Posted on 2012-03-25

Do you remember the book Play With Me, (Viking Press, 1955), written and illustrated by Marie Hall Ets about a child observing wildlife? Cabbage White butterfly on a flower.Including Play With Me, five of her book are Caldecott Honor books. I also love her book, Gilberto and the Wind. In Play With Me, a young child seeks to play with animals in the woods that border her home. The animals range from insect to amphibian to mammal, and none want to play with her. She discovers that they will come closer if she sits still. In the book, the animals come right up to the child, not a realistic expectation, but the message that wildlife can be observed, not played with, comes through.

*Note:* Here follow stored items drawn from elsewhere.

lemma W_descent_step:
  assumes ks: "ks \<in> idx 6" and t: "t < 5"
    and inv: "untwist False ks ! Suc t \<le> untwist False ks ! t"
  obtains "\<forall>v\<in>W. v ks = 0"
  | ks' c where "ks' \<in> idx 6" "base6 (untwist False ks') < base6 (untwist False ks)" "c \<noteq> 0"
      "\<forall>v\<in>W. v ks' = c * v ks"
proof -
  define p where "p = take t ks"
  define a where "a = ks ! t"
  define b where "b = ks ! Suc t"
  define q where "q = drop (Suc (Suc t)) ks"
  have len: "length ks = 6" and set: "set ks \<subseteq> {..<6}" using ks by (auto simp: idx_def)
  have split: "ks = p @ [a, b] @ q"
    unfolding p_def a_def b_def q_def using t len by (simp add: Cons_nth_drop_Suc)
  have lp: "length p = t" and lpq: "length p + length q = 4"
    using t len by (simp_all add: p_def q_def)
  have ab: "a < 6" "b < 6" and pq: "set p \<subseteq> {..<6}" "set q \<subseteq> {..<6}"
    using set unfolding split by auto
  show thesis
  proof (cases "a = b")
    case True
    then have "\<forall>v\<in>W. v ks = 0"
      using W_rel_eqns[OF _ lpq pq] ab unfolding split rel_eqns_def by auto
    then show thesis by (rule that(1))
  next
    case False
    define P where "P = parity False p"
    define rest where "rest = untwist (parity P [a, b]) q"
    define ks' where "ks' = p @ rel_partner a b @ q"
    note partner = rel_partner_props[OF ab False]
    obtain x y where xy: "untwist P [a, b] = [x, y]"
      using length_untwist[of P "[a, b]"]
      by (auto simp del: untwist.simps length_untwist simp: length_Suc_conv)
    have n: "untwist False ks = untwist False p @ [x, y] @ rest"
      unfolding split untwist_append rest_def P_def[symmetric] xy ..
    have n': "untwist False ks' = untwist False p @ [y, x] @ rest"
      unfolding ks'_def untwist_append rest_def partner(3,4) xy P_def[symmetric] by simp
    have "y < x"
      using inv distinct_untwist_pair[OF False, of P] lp unfolding n xy by (auto simp: nth_append)
    then have "base6 (untwist False ks') < base6 (untwist False ks)"
      unfolding n n' by (rule base6_swap_less)
    moreover have "ks' \<in> idx 6"
      using partner(1,2) lpq pq by (auto simp: ks'_def idx_def)
    moreover have "\<forall>v\<in>W. v ks' = rel_coeff a b * v ks"
      using rel_eqns_rel_partner[OF ab False W_rel_eqns[OF _ lpq pq]] by (simp add: ks'_def split)
    ultimately show thesis
      using that(2) rel_coeff_nonzero[OF ab] by blast
  qed
qed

Children hold a "roly-poly" for close observation.I find it difficult to take groups of children for a “nature walk” to observe animals but in the small city where I teach but we did see wildlife this week: Crows flying overhead, Cabbage white butterflies, roly-polies and starlings building a nest. So often the children at the front of the group see a robin on the grass or a squirrel in a tree and rush to get a good look, loudly shushing those behind who also want to get a close look, and scaring the animal away.  There isn’t time for the children to draw the animals but at least they can count them. A data collection log is a useful tool to carry with you as you walk.

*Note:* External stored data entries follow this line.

(* Let $\vec w=(w_1,\dots,w_n)\in[0,1]^n$ with $\sum_{i=1}^n w_i=1$. Then there is a distributive family $\Gamma=\{f_i:[0,1]^n\to[0,1]: i=1,\dots,n\}$ on $\langle [0,1], S_{LK}, T_P\rangle$ such that $DYOWA_\Gamma(\vec x)=OWA_{\vec w}(\vec x)$ for all $\vec x\in[0,1]^n$. That is, every Yager OWA function is a DYOWA function.
   Context: $T_P(x,y)=xy$ (product t-norm) and $S_{LK}(x,y)=\min(x+y,1)$ (Łukasiewicz t-conorm) on $[0,1]$; $n$-ary versions by left folding, e.g. $\bigoplus_{i=1}^n x_i=(\cdots((x_1\oplus x_2)\oplus x_3)\cdots)\oplus x_n$ with $\oplus=S_{LK}$, $\otimes=T_P$. Yager's OWA: $OWA_{\vec w}(x_1,\dots,x_n)=\sum_{i=1}^n w_i x_{(i)}$, where $(x_{(1)},\dots,x_{(n)})$ is the decreasing rearrangement of $(x_1,\dots,x_n)$. A finite family $\Gamma=\{f_i:L^n\to L\}$ is a weight function family on $\langle L,\oplus,\otimes\rangle$ if $\bigoplus_{i=1}^n f_i(\vec a)=\top_L$ for every $\vec a$; it is a distributive family if moreover $c\otimes\bigl(\bigoplus_{i=1}^n f_i(\vec a)\bigr)=\bigoplus_{i=1}^n (c\otimes f_i(\vec a))$ for all $c\in L$, $\vec a\in L^n$. The Lizasoain–Moreno function is $\mathscr{LM}(a_1,\dots,a_n)=(b_1,\dots,b_n)$ with $b_k=\bigvee_{\{j_1<\dots<j_k\}\subseteq\{1,\dots,n\}} a_{j_1}\wedge\cdots\wedge a_{j_k}$ (join over all $k$-element subsets). $DYOWA_\Gamma(\vec a)=\bigoplus_{i=1}^n \bigl(f_i(\vec a)\otimes b_i\bigr)$, where $(b_1,\dots,b_n)=\mathscr{LM}(\vec a)$. *)

theory Defs
  imports Complex_Main
begin

text \<open>Vectors in [0,1]^n are represented as real lists of length n; indices are 0-based
  (position i of the list corresponds to index i+1 of the paper).\<close>

definition T_P :: "real \<Rightarrow> real \<Rightarrow> real" where
  "T_P x y = x * y"

definition S_LK :: "real \<Rightarrow> real \<Rightarrow> real" where
  "S_LK x y = min (x + y) 1"

definition S_LK_fold :: "real list \<Rightarrow> real" where
  "S_LK_fold xs = (case xs of [] \<Rightarrow> 0 | y # ys \<Rightarrow> foldl S_LK y ys)"

definition in_cube :: "nat \<Rightarrow> real list \<Rightarrow> bool" where
  "in_cube n a \<longleftrightarrow> length a = n \<and> (\<forall>x\<in>set a. 0 \<le> x \<and> x \<le> 1)"

definition weight_family :: "nat \<Rightarrow> (nat \<Rightarrow> real list \<Rightarrow> real) \<Rightarrow> bool" where
  "weight_family n f \<longleftrightarrow>
     (\<forall>a. in_cube n a \<longrightarrow>
        (\<forall>i<n. 0 \<le> f i a \<and> f i a \<le> 1) \<and>
        S_LK_fold (map (\<lambda>i. f i a) [0..<n]) = 1)"

definition distributive_family :: "nat \<Rightarrow> (nat \<Rightarrow> real list \<Rightarrow> real) \<Rightarrow> bool" where
  "distributive_family n f \<longleftrightarrow> weight_family n f \<and>
     (\<forall>c a. 0 \<le> c \<and> c \<le> 1 \<and> in_cube n a \<longrightarrow>
        T_P c (S_LK_fold (map (\<lambda>i. f i a) [0..<n])) =
        S_LK_fold (map (\<lambda>i. T_P c (f i a)) [0..<n]))"

text \<open>Lizasoain--Moreno: k-th component (k = 1..n) is the join over all k-element
  index subsets of the meet of the corresponding entries (join = Max, meet = Min on [0,1]).\<close>
definition LM :: "real list \<Rightarrow> nat \<Rightarrow> real" where
  "LM a k = Max {Min ((\<lambda>j. a ! j) ` J) | J. J \<subseteq> {0..<length a} \<and> card J = k}"

definition DYOWA :: "nat \<Rightarrow> (nat \<Rightarrow> real list \<Rightarrow> real) \<Rightarrow> real list \<Rightarrow> real" where
  "DYOWA n f a = S_LK_fold (map (\<lambda>i. T_P (f i a) (LM a (i + 1))) [0..<n])"

definition OWA :: "real list \<Rightarrow> real list \<Rightarrow> real" where
  "OWA w a = (\<Sum>i<length a. w ! i * rev (sort a) ! i)"

end

theory Submission
  imports Defs "HOL-Combinatorics.List_Permutation"
begin

text \<open>Take the constant weights \<open>f i \<equiv> w i\<close>. As long as all partial sums stay
  in \<open>[0,1]\<close>, the Lukasiewicz t-conorm is plain addition, so distributivity of the product
  is distributivity of multiplication over a sum, and \<open>DYOWA\<close> becomes \<open>\<Sum> w\<^sub>i b\<^sub>i\<close>.
  Finally the \<open>k\<close>-th Lizasoain--Moreno component is the \<open>k\<close>-th largest entry: a \<open>k\<close>-element
  index set contains an index of rank \<open>\<ge> k\<close>, and the \<open>k\<close> largest entries attain the bound.\<close>

lemma foldl_S_LK_eq_min_sum_list:
  assumes "\<forall>z\<in>set ys. 0 \<le> z" "y \<le> 1"
  shows "foldl S_LK y ys = min (y + sum_list ys) 1"
  using assms
proof (induction ys arbitrary: y)
  case Nil
  then show ?case by simp
next
  case (Cons z zs)
  have "foldl S_LK y (z # zs) = foldl S_LK (min (y + z) 1) zs" by (simp add: S_LK_def)
  also have "\<dots> = min (min (y + z) 1 + sum_list zs) 1" using Cons by simp
  also have "\<dots> = min (y + sum_list (z # zs)) 1"
    using Cons.prems sum_list_nonneg[of zs] by (auto simp: min_def)
  finally show ?case .
qed

lemma S_LK_fold_eq_min_sum_list:
  assumes "\<forall>z\<in>set xs. 0 \<le> z \<and> z \<le> 1"
  shows "S_LK_fold xs = min (sum_list xs) 1"
  using assms by (cases xs) (auto simp: S_LK_fold_def foldl_S_LK_eq_min_sum_list)

lemma T_P_S_LK_fold_distrib:
  assumes "\<forall>z\<in>set xs. 0 \<le> z \<and> z \<le> 1" "sum_list xs \<le> 1" "0 \<le> c" "c \<le> 1"
  shows "T_P c (S_LK_fold xs) = S_LK_fold (map (T_P c) xs)"
proof -
  have "\<forall>z\<in>set (map (T_P c) xs). 0 \<le> z \<and> z \<le> 1"
    using assms by (auto simp: T_P_def mult_le_one)
  moreover have "sum_list (map (T_P c) xs) = c * sum_list xs"
    by (induction xs) (simp_all add: T_P_def algebra_simps)
  ultimately have "S_LK_fold (map (T_P c) xs) = min (c * sum_list xs) 1"
    by (simp add: S_LK_fold_eq_min_sum_list)
  also have "\<dots> = c * sum_list xs"
    using assms mult_le_one[of c "sum_list xs"] sum_list_nonneg[of xs] by simp
  finally show ?thesis
    using assms by (simp add: S_LK_fold_eq_min_sum_list T_P_def)
qed

lemma distributive_family_const_weights:
  assumes "length w = n" "\<forall>z\<in>set w. 0 \<le> z \<and> z \<le> 1" "sum_list w = 1"
  shows "distributive_family n (\<lambda>i _. w ! i)"
proof -
  have map_w: "map (\<lambda>i. w ! i) [0..<n] = w"
    using assms(1) map_nth[of w] by simp
  have "S_LK_fold w = 1"
    using assms by (simp add: S_LK_fold_eq_min_sum_list)
  then show ?thesis
    using assms T_P_S_LK_fold_distrib[of w]
    by (auto simp: distributive_family_def weight_family_def map_w
        map_map[of "T_P _" "(!) w", symmetric, simplified comp_def])
qed

lemma Min_nth_le_nth_card:
  fixes s :: "'a::linorder list"
  assumes "sorted (rev s)" "J \<subseteq> {0..<length s}" "card J = k" "1 \<le> k"
  shows "Min ((!) s ` J) \<le> s ! (k - 1)"
proof -
  have "\<not> J \<subseteq> {0..<k - 1}"
    using card_mono[of "{0..<k - 1}" J] assms(3,4) by auto
  then obtain j where j: "j \<in> J" "k - 1 \<le> j"
    by (meson atLeastLessThan_iff not_le subsetI zero_le)
  have "Min ((!) s ` J) \<le> s ! j"
    using j(1) finite_subset[OF assms(2)] by (intro Min_le) auto
  also have "\<dots> \<le> s ! (k - 1)"
    using sorted_rev_nth_mono[OF assms(1) j(2)] j(1) assms(2) by auto
  finally show ?thesis .
qed

lemma LM_candidates_mono_mset:
  assumes "mset xs = mset ys"
  shows "{Min ((!) xs ` J) | J. J \<subseteq> {0..<length xs} \<and> card J = k}
       \<subseteq> {Min ((!) ys ` J) | J. J \<subseteq> {0..<length ys} \<and> card J = k}"
proof
  fix v assume "v \<in> {Min ((!) xs ` J) | J. J \<subseteq> {0..<length xs} \<and> card J = k}"
  then obtain J where J: "J \<subseteq> {0..<length xs}" "card J = k" "v = Min ((!) xs ` J)"
    by blast
  obtain f where f: "bij_betw f {..<length xs} {..<length ys}"
    "\<forall>i<length xs. xs ! i = ys ! f i"
    using permutation_Ex_bij[OF assms] by blast
  have "(!) xs ` J = (!) ys ` f ` J"
    using f(2) J(1) by (force simp: image_iff)
  moreover have "f ` J \<subseteq> {0..<length ys}"
    using f(1) J(1) by (auto simp: bij_betw_def atLeast0LessThan)
  moreover have "card (f ` J) = k"
    using J f(1) by (metis atLeast0LessThan bij_betw_def card_image inj_on_subset)
  ultimately show "v \<in> {Min ((!) ys ` J) | J. J \<subseteq> {0..<length ys} \<and> card J = k}"
    using J(3) by auto
qed

lemma LM_mset_eq:
  assumes "mset xs = mset ys"
  shows "LM xs k = LM ys k"
  using LM_candidates_mono_mset[OF assms] LM_candidates_mono_mset[OF assms[symmetric]]
  unfolding LM_def by (metis (no_types, lifting) subset_antisym)

lemma LM_sorted_rev:
  assumes "sorted (rev s)" "1 \<le> k" "k \<le> length s"
  shows "LM s k = s ! (k - 1)"
  unfolding LM_def
proof (rule Max_eqI)
  show "finite {Min ((!) s ` J) | J. J \<subseteq> {0..<length s} \<and> card J = k}"
    by (rule finite_subset[where B = "(\<lambda>J. Min ((!) s ` J)) ` Pow {0..<length s}"]) auto
  show "v \<le> s ! (k - 1)" if "v \<in> {Min ((!) s ` J) | J. J \<subseteq> {0..<length s} \<and> card J = k}"
    for v
    using that Min_nth_le_nth_card[OF assms(1) _ _ assms(2)] by blast
  have "Min ((!) s ` {0..<k}) = s ! (k - 1)"
  proof (rule Min_eqI)
    show "s ! (k - 1) \<le> y" if "y \<in> (!) s ` {0..<k}" for y
      using that sorted_rev_nth_mono[OF assms(1)] assms(3) by auto
  qed (use assms(2) in auto)
  then show "s ! (k - 1) \<in> {Min ((!) s ` J) | J. J \<subseteq> {0..<length s} \<and> card J = k}"
    using assms(3) by (intro CollectI exI[of _ "{0..<k}"]) auto
qed

lemma LM_eq_nth_rev_sort:
  assumes "1 \<le> k" "k \<le> length x"
  shows "LM x k = rev (sort x) ! (k - 1)"
  using LM_mset_eq[of x "rev (sort x)" k] LM_sorted_rev[of "rev (sort x)" k] assms by simp

lemma DYOWA_const_weights_eq_OWA:
  assumes "length w = n" "\<forall>z\<in>set w. 0 \<le> z \<and> z \<le> 1" "sum_list w = 1" "in_cube n x"
  shows "DYOWA n (\<lambda>i _. w ! i) x = OWA w x"
proof -
  define s where "s = rev (sort x)"
  have len_x: "length x = n" using assms(4) by (simp add: in_cube_def)
  have w_nth: "0 \<le> w ! i \<and> w ! i \<le> 1" if "i < n" for i using assms(1,2) that by auto
  have s_nth: "0 \<le> s ! i \<and> s ! i \<le> 1" if "i < n" for i
  proof -
    have "s ! i \<in> set s" using that len_x by (intro nth_mem) (simp add: s_def)
    then have "s ! i \<in> set x" by (simp add: s_def)
    then show ?thesis using assms(4) by (auto simp: in_cube_def)
  qed
  have terms: "map (\<lambda>i. T_P (w ! i) (LM x (i + 1))) [0..<n] = map (\<lambda>i. w ! i * s ! i) [0..<n]"
    using len_x by (simp add: T_P_def LM_eq_nth_rev_sort s_def)
  have "(\<Sum>i<n. w ! i * s ! i) \<le> (\<Sum>i<n. w ! i)"
    using w_nth s_nth by (intro sum_mono mult_right_le_one_le) auto
  also have "\<dots> = 1"
    using assms(1,3) by (simp add: sum_list_sum_nth atLeast0LessThan)
  finally have "(\<Sum>i<n. w ! i * s ! i) \<le> 1" .
  moreover have "\<forall>z\<in>set (map (\<lambda>i. w ! i * s ! i) [0..<n]). 0 \<le> z \<and> z \<le> 1"
    using w_nth s_nth assms(1,2) by (auto intro: mult_le_one)
  ultimately show ?thesis
    unfolding DYOWA_def terms OWA_def len_x s_def[symmetric]
    by (simp add: S_LK_fold_eq_min_sum_list interv_sum_list_conv_sum_set_nat atLeast0LessThan)
qed

theorem corollary1:
  fixes w :: "real list" and n :: nat
  assumes "length w = n"
    and "\<forall>x\<in>set w. 0 \<le> x \<and> x \<le> 1"
    and "sum_list w = 1"
  shows "\<exists>f. distributive_family n f \<and> (\<forall>x. in_cube n x \<longrightarrow> DYOWA n f x = OWA w x)"
  using distributive_family_const_weights[OF assms] DYOWA_const_weights_eq_OWA[of w n] assms
  by blast

end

If you have access to a park, arboretum, or a slightly wild border land, your students may see more animals. And if they go in small groups, such as with their family, they may be able to get closer to them. What do you think about making an information sheet describing a nearby park or natural area and listing the directions to it from the school, to give to each student to take home? The first question I got after speaking to parents at a local preschool was, “Where do you suggest we take our children to experience a natural area?” I think right outside our front doors is a good place to start but hope that all children will experience the untended places in woodlots and nature preserves often enough to become comfortable with nature as it is not controlled by humans. It is a different kind of experience in small and large ways and helps us understand our human place as part of nature. I love being outside where I’m just another animal, and I’m glad to be able to come inside when the weather is unpleasant or dangerous to me.
Does your class observe animals in nature?